Supe con bastante certeza que Jeremy había mencionado algo al respecto cuando, a la mañana siguiente, McKayla no se mostró tan dicharachera como solía en clase de Literatura. Durante el almuerzo se sentó lejos tanto de Jeremy como de mí, y no habló mucho con nadie. Tampoco dijo nada cuando fuimos juntos a clase de Biología, pero, como de costumbre, vino a sentarse al borde de mi mesa de laboratorio. Como siempre, era consciente de que Edythe se sentaba lo bastante cerca para tocarla, y tan distante como si fuera una mera invención de mi imaginación.
—Bueno —dijo McKayla, mirando al suelo—, Jeremy me ha dicho que no vas a los bailes.
—Sí, así es.
Entonces me miró con expresión dolida y un poco molesta. Ni siquiera le había dicho que no, y ya me sentía culpable.
—Ah —respondió—. Pensaba que igual se lo estaba inventando.
—Pues…, lo siento, pero no. ¿Por qué se iba a inventar esa historia?
Ella frunció el ceño.
—Creo que quiere que le pida ser mi pareja.
Forcé una sonrisa.
—Deberías. Jeremy es estupendo.
Ella se encogió de hombros.
—Sí, supongo —entonces, inspiró hondo y me miró a los ojos con una fugaz y nerviosa sonrisa—. ¿Eso de que no bailas cambiaría si yo te lo pidiera?
Con el rabillo del ojo percibí que la cabeza de Edythe se inclinaba repentinamente en dirección a mí. Como si ella también estuviera esperando mi respuesta.
Tardé en responder un poco más de lo que hubiera debido. Me seguía sintiendo culpable, pero en realidad estaba más bien distraído. ¿Estaba Edythe escuchando?
—Eh, no, lo siento.
El rostro de McKayla se descompuso.
—¿Y cambiaría si te lo pidiera otra persona?
¿Se habría percatado Edythe de cómo los ojos de McKayla se habían movido hacia ella?
—No. De todas maneras, da igual. Ese día voy a estar en Seattle —necesitaba salir de la ciudad, y la fecha perfecta para hacerlo era dentro de dos sábados.
—¿Tiene que ser precisamente ese fin de semana? —preguntó McKayla.
—Sí. Pero no te preocupes por mí. Deberías ir con Jeremy. Es mucho más divertido que yo.
—Sí, supongo —masculló, y, abatida, se dio la vuelta para volver a su asiento.
Observé cómo hundía los hombros y me sentí fatal. Cerré los ojos y me froté las sienes con los dedos en un intento de desterrar de mi mente la alicaída postura de McKayla. La profesora Banner empezó a hablar. Suspiré y abrí los ojos.
Edythe me miraba sin disimulo, aquel habitual punto de frustración de sus ojos negros era ahora aún más perceptible.
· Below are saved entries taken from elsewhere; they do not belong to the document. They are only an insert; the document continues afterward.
lemma gprov_axiom:
  assumes wff: "wff F" and ax: "axiom L F"
  shows "gprov L ({#}, {#F#})"
proof -
  have impR: "gprov L ({#}, {#Imp A B#})" if "gprov L ({#A#}, {#B#})" for A B
    using gprov.impR[of L A "{#}" B "{#}"] that by simp
  consider "ax_H F" | "ax_K F" | "ax_4 F" | "ax_D F" "L = KD4h" | "ax_T F" "L = S4h"
    using ax by (cases L) auto
  then show ?thesis
  proof cases
    case 1
    then show ?thesis using wff by (auto simp: ax_H_def intro!: impR gprov_H)
  next
    case 2
    then obtain n A B where F: "F = Imp (Box n (Imp A B)) (Imp (Box n A) (Box n B))"
      by (auto simp: ax_K_def)
    have "gprov L ({#Box n (Imp A B)#}, {#Imp (Box n A) (Box n B)#})"
      using gprov.impR[OF gprov_K[of n A B L]] wff F by simp
    then show ?thesis unfolding F by (rule impR)
  next
    case 3
    then show ?thesis using wff by (auto simp: ax_4_def intro!: impR gprov_4)
  next
    case 4
    then obtain n where "F = Neg (Box n Bot)" by (auto simp: ax_D_def)
    then show ?thesis
      using gprov.negR[OF gprov_D[OF 4(2), of n, simplified]] by simp
  next
    case 5
    then obtain n A where F: "F = Imp (Box n A) A" by (auto simp: ax_T_def)
    have "gprov L ({#Box n A#}, {#A#})"
      using gprov.boxL[OF 5(2) gprov.id[of A]] wff F by simp
    then show ?thesis unfolding F by (rule impR)
  qed
qed
(* The assignment $H_3\mapsto E^2$, $H_1\mapsto\tilde B E$, $C_{18}\mapsto \mathrm{diag}(e^{-7i\pi/9},e^{2i\pi/9},e^{5i\pi/9})$, $C_6\mapsto\mathrm{diag}(e^{i\pi/3},-1,e^{2i\pi/3})$ extends to a group isomorphism $g:Fr(162\times 4)\to D(18,1,1;2,1,1)$. (In terms of generators, $g(C_{18})=F^2(E^2FEF^{-1})^3$ and $g(C_6)=E\,g(C_{18})E^{-2}g(C_{18})^8E^{-2}g(C_{18})^3$.) In particular $Fr(162\times 4)\cong D(18,1,1;2,1,1)$.
   Context: Let $\omega=e^{2i\pi/3}$, $J$ the $3\times3$ antidiagonal matrix with antidiagonal entries $1$. $G_1=\mathrm{diag}(e^{7i\pi/9},-e^{4i\pi/9},-e^{7i\pi/9})$, $G_2=\begin{pmatrix}-\tfrac12 e^{4i\pi/9}&\tfrac{1}{\sqrt2}e^{7i\pi/9}&\tfrac12 e^{4i\pi/9}\\ \tfrac{1}{\sqrt2}e^{7i\pi/9}&0&\tfrac{1}{\sqrt2}e^{7i\pi/9}\\ \tfrac12 e^{4i\pi/9}&\tfrac{1}{\sqrt2}e^{7i\pi/9}&-\tfrac12 e^{4i\pi/9}\end{pmatrix}$, $FUM=-\omega J$, $Fr(162\times 4)=\langle G_1,G_2,FUM\rangle\subset SU(3)$. Let $A=G_1G_2^2G_1^{-1}$, $B=G_1G_2^{-2}G_1$, $C_{18}=A(FUM)^3$, $C_6=B\,G_1(FUM)^3G_1^{-1}$, $H_1=\begin{pmatrix}-\frac12&-\frac1{\sqrt2}&-\frac12\\-\frac1{\sqrt2}&0&\frac1{\sqrt2}\\-\frac12&\frac1{\sqrt2}&-\frac12\end{pmatrix}$, $H_3=\begin{pmatrix}\frac12&\frac1{\sqrt2}&-\frac12\\\frac1{\sqrt2}&0&\frac1{\sqrt2}\\\frac12&-\frac1{\sqrt2}&-\frac12\end{pmatrix}$; $C_6,C_{18},H_1,H_3$ generate $Fr(162\times4)$. $D(18,1,1;2,1,1)=\langle F,E,\tilde B\rangle\subset SU(3)$ with $F=\mathrm{diag}(e^{i\pi/9},e^{i\pi/9},e^{-2i\pi/9})$, $E=\begin{pmatrix}0&1&0\\0&0&1\\1&0&0\end{pmatrix}$, $\tilde B=\begin{pmatrix}-1&0&0\\0&0&-1\\0&-1&0\end{pmatrix}$. *)

theory Defs
  imports "HOL-Analysis.Analysis" "HOL-Algebra.Group"
begin

type_synonym cmat = "complex^3^3"

definition mat3 :: "complex \<Rightarrow> complex \<Rightarrow> complex \<Rightarrow> complex \<Rightarrow> complex \<Rightarrow> complex
                    \<Rightarrow> complex \<Rightarrow> complex \<Rightarrow> complex \<Rightarrow> cmat" where
  "mat3 a b c d e f g h i = vector [vector [a,b,c], vector [d,e,f], vector [g,h,i]]"

definition diag3 :: "complex \<Rightarrow> complex \<Rightarrow> complex \<Rightarrow> cmat" where
  "diag3 a b c = mat3 a 0 0 0 b 0 0 0 c"

primrec mpow :: "cmat \<Rightarrow> nat \<Rightarrow> cmat" where
  "mpow A 0 = mat 1"
| "mpow A (Suc n) = A ** mpow A n"

inductive_set mgen :: "cmat set \<Rightarrow> cmat set" for S where
  one: "mat 1 \<in> mgen S"
| gen: "A \<in> S \<Longrightarrow> A \<in> mgen S"
| mult: "A \<in> mgen S \<Longrightarrow> B \<in> mgen S \<Longrightarrow> A ** B \<in> mgen S"
| inv: "A \<in> mgen S \<Longrightarrow> matrix_inv A \<in> mgen S"

definition mgroup :: "cmat set \<Rightarrow> cmat monoid" where
  "mgroup S = \<lparr>carrier = mgen S, mult = (\<lambda>A B. A ** B), one = mat 1\<rparr>"

definition \<omega> :: complex where "\<omega> = cis (2*pi/3)"
definition Jm :: cmat where "Jm = mat3 0 0 1 0 1 0 1 0 0"
definition s2 :: complex where "s2 = complex_of_real (sqrt 2)"

definition G1 :: cmat where
  "G1 = diag3 (cis (7*pi/9)) (- cis (4*pi/9)) (- cis (7*pi/9))"
definition G2 :: cmat where
  "G2 = mat3 (- cis (4*pi/9) / 2) (cis (7*pi/9) / s2) (cis (4*pi/9) / 2)
             (cis (7*pi/9) / s2) 0 (cis (7*pi/9) / s2)
             (cis (4*pi/9) / 2) (cis (7*pi/9) / s2) (- cis (4*pi/9) / 2)"
definition FUM :: cmat where "FUM = (\<chi> i j. - \<omega> * Jm $ i $ j)"

definition Fr :: "cmat set" where "Fr = mgen {G1, G2, FUM}"

definition Am :: cmat where "Am = G1 ** mpow G2 2 ** matrix_inv G1"
definition Bm :: cmat where "Bm = G1 ** mpow (matrix_inv G2) 2 ** G1"
definition C18 :: cmat where "C18 = Am ** mpow FUM 3"
definition C6 :: cmat where "C6 = Bm ** G1 ** mpow FUM 3 ** matrix_inv G1"
definition H1 :: cmat where
  "H1 = mat3 (-1/2) (-1/s2) (-1/2)  (-1/s2) 0 (1/s2)  (-1/2) (1/s2) (-1/2)"
definition H3 :: cmat where
  "H3 = mat3 (1/2) (1/s2) (-1/2)  (1/s2) 0 (1/s2)  (1/2) (-1/s2) (-1/2)"

definition Fm :: cmat where "Fm = diag3 (cis (pi/9)) (cis (pi/9)) (cis (-2*pi/9))"
definition Em :: cmat where "Em = mat3 0 1 0 0 0 1 1 0 0"
definition Bt :: cmat where "Bt = mat3 (-1) 0 0 0 0 (-1) 0 (-1) 0"

definition D18 :: "cmat set" where "D18 = mgen {Fm, Em, Bt}"

end

theory Submission
  imports Defs
begin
Le devolví la mirada, esperando que ella apartara la suya. No lo hizo. Sus ojos permanecieron clavados en los míos, como si estuviera tratando de hallar algo muy importante en su interior. Yo seguí mirándola, completamente incapaz de romper la conexión ni aunque hubiera querido. Me comenzaron a temblar las manos.
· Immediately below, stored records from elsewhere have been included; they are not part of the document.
lemma binomial_strict_mono:
  assumes "a < b" "1 \<le> k" "k \<le> b"
  shows "a choose k < b choose k"
proof -
  obtain b' k' where "b = Suc b'" "k = Suc k'"
    using assms(1,2) by (cases b; cases k) auto
  then have "b choose k = (b' choose k') + (b' choose k)" "0 < b' choose k'"
    using assms(3) by simp_all
  moreover have "a choose k \<le> b' choose k"
    using assms(1) \<open>b = Suc b'\<close> by (intro binomial_right_mono) simp
  ultimately show ?thesis
    by linarith
qed

lemma card_non_edges_less:
  fixes l r n :: nat
  assumes "l \<ge> 1" "r \<ge> 3" "n \<ge> 3 * r - 5" "n \<ge> 2 * l + 3"
    and sv: "semi_valid n C" and len: "length C = 2 * l + 3"
  shows "card (r_subsets n r - H n r C) < card (r_subsets n r - H n r (standard_tuple l))"
proof -
  define w where "w s = (n - s - 2) choose (r - 2)" for s
  define F where "F s = card (rich_starts n (set C) (l + 2) s)" for s
  have "set C \<subseteq> {..<n}" "card (set C) = 2 * l + 3"
    using sv len unfolding semi_valid_def by (auto simp: distinct_card)
  have "card (r_subsets n r - H n r C) \<le> (\<Sum>s=1..n-1. w s * F s)"
    using card_non_edges_le[OF sv, of "l + 1"] len assms(2) unfolding w_def F_def by simp
  also have "\<dots> < (\<Sum>s=1..n-1. w s * good_count n l s)"
  proof (rule weighted_sum_less_of_complementary[where p = "l + 1"])
    fix s assume "1 \<le> s" "s \<le> n - 1"
    then show "F s + F (n - s) = n"
      unfolding F_def using \<open>set C \<subseteq> {..<n}\<close> \<open>card (set C) = 2 * l + 3\<close>
      by (intro card_rich_starts_complement) auto
    show "good_count n l s + good_count n l (n - s) = n"
      using \<open>1 \<le> s\<close> \<open>s \<le> n - 1\<close> assms(4) by (intro good_count_complement) auto
  next
    fix s assume "1 \<le> s" "2 * s < n"
    show "F s \<le> good_count n l s"
    proof (cases "s \<le> l")
      case True
      then show ?thesis
        unfolding F_def using \<open>2 * s < n\<close> rich_starts_empty_if_short by simp
    next
      case False
      then have "good_count n l s = s"
        unfolding good_count_def using \<open>2 * s < n\<close> by simp
      moreover have "F s \<le> s"
        unfolding F_def using \<open>1 \<le> s\<close> \<open>2 * s < n\<close> \<open>card (set C) = 2 * l + 3\<close>
        by (intro card_rich_starts_le) auto
      ultimately show ?thesis
        by simp
    qed
  next
    fix s t assume "1 \<le> s" "s \<le> t" "t \<le> n - 1"
    then show "w t \<le> w s"
      unfolding w_def by (intro binomial_right_mono) simp
  next
    have "F (l + 1) = 0"
      unfolding F_def using assms(4) rich_starts_empty_if_short by simp
    then show "F (l + 1) < good_count n l (l + 1)"
      unfolding good_count_def using assms(4) by simp
    have "w (n - (l + 1)) = (l - 1) choose (r - 2)" "w (l + 1) = (n - l - 3) choose (r - 2)"
      unfolding w_def using assms(4) by (simp_all add: numeral_3_eq_3)
    moreover have "(l - 1) choose (r - 2) < (n - l - 3) choose (r - 2)"
      using assms by (intro binomial_strict_mono) auto
    ultimately show "w (n - (l + 1)) < w (l + 1)"
      by simp
  qed (use assms(4) in auto)
  also have "\<dots> \<le> card (r_subsets n r - H n r (standard_tuple l))"
    using card_non_edges_standard_ge[of l n r] assms(2,4) unfolding w_def by simp
  finally show ?thesis .
qed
—¿Señorita Cullen? —la llamó la profesora, que aguardaba la respuesta a una pregunta que yo no había escuchado.
—El ciclo de Krebs —respondió Edythe; parecía reticente mientras se volvía para mirar a la señora Banner.
Agaché la cabeza, fingiendo mirar el libro, en cuanto los ojos de Edythe me liberaron. Me sorprendió el torrente de emociones que palpitaba en mi interior, y solo porque había tenido a bien mirarme por primera vez en seis semanas. No era normal. Era patético; más que patético, era enfermizo.
Intenté ignorarla con todas mis fuerzas durante el resto de la hora y, dado que era imposible, que al menos no supiera que estaba pendiente de ella. Me volví de espaldas a ella para colocar mis libros cuando al fin sonó la campana, esperando que, como de costumbre, se marchara de inmediato.
—¿Beau?
Su voz no debería resultarme tan familiar, como si la llevara escuchando toda la vida en vez de una hora de vez en cuando desde hacía unas pocas semanas.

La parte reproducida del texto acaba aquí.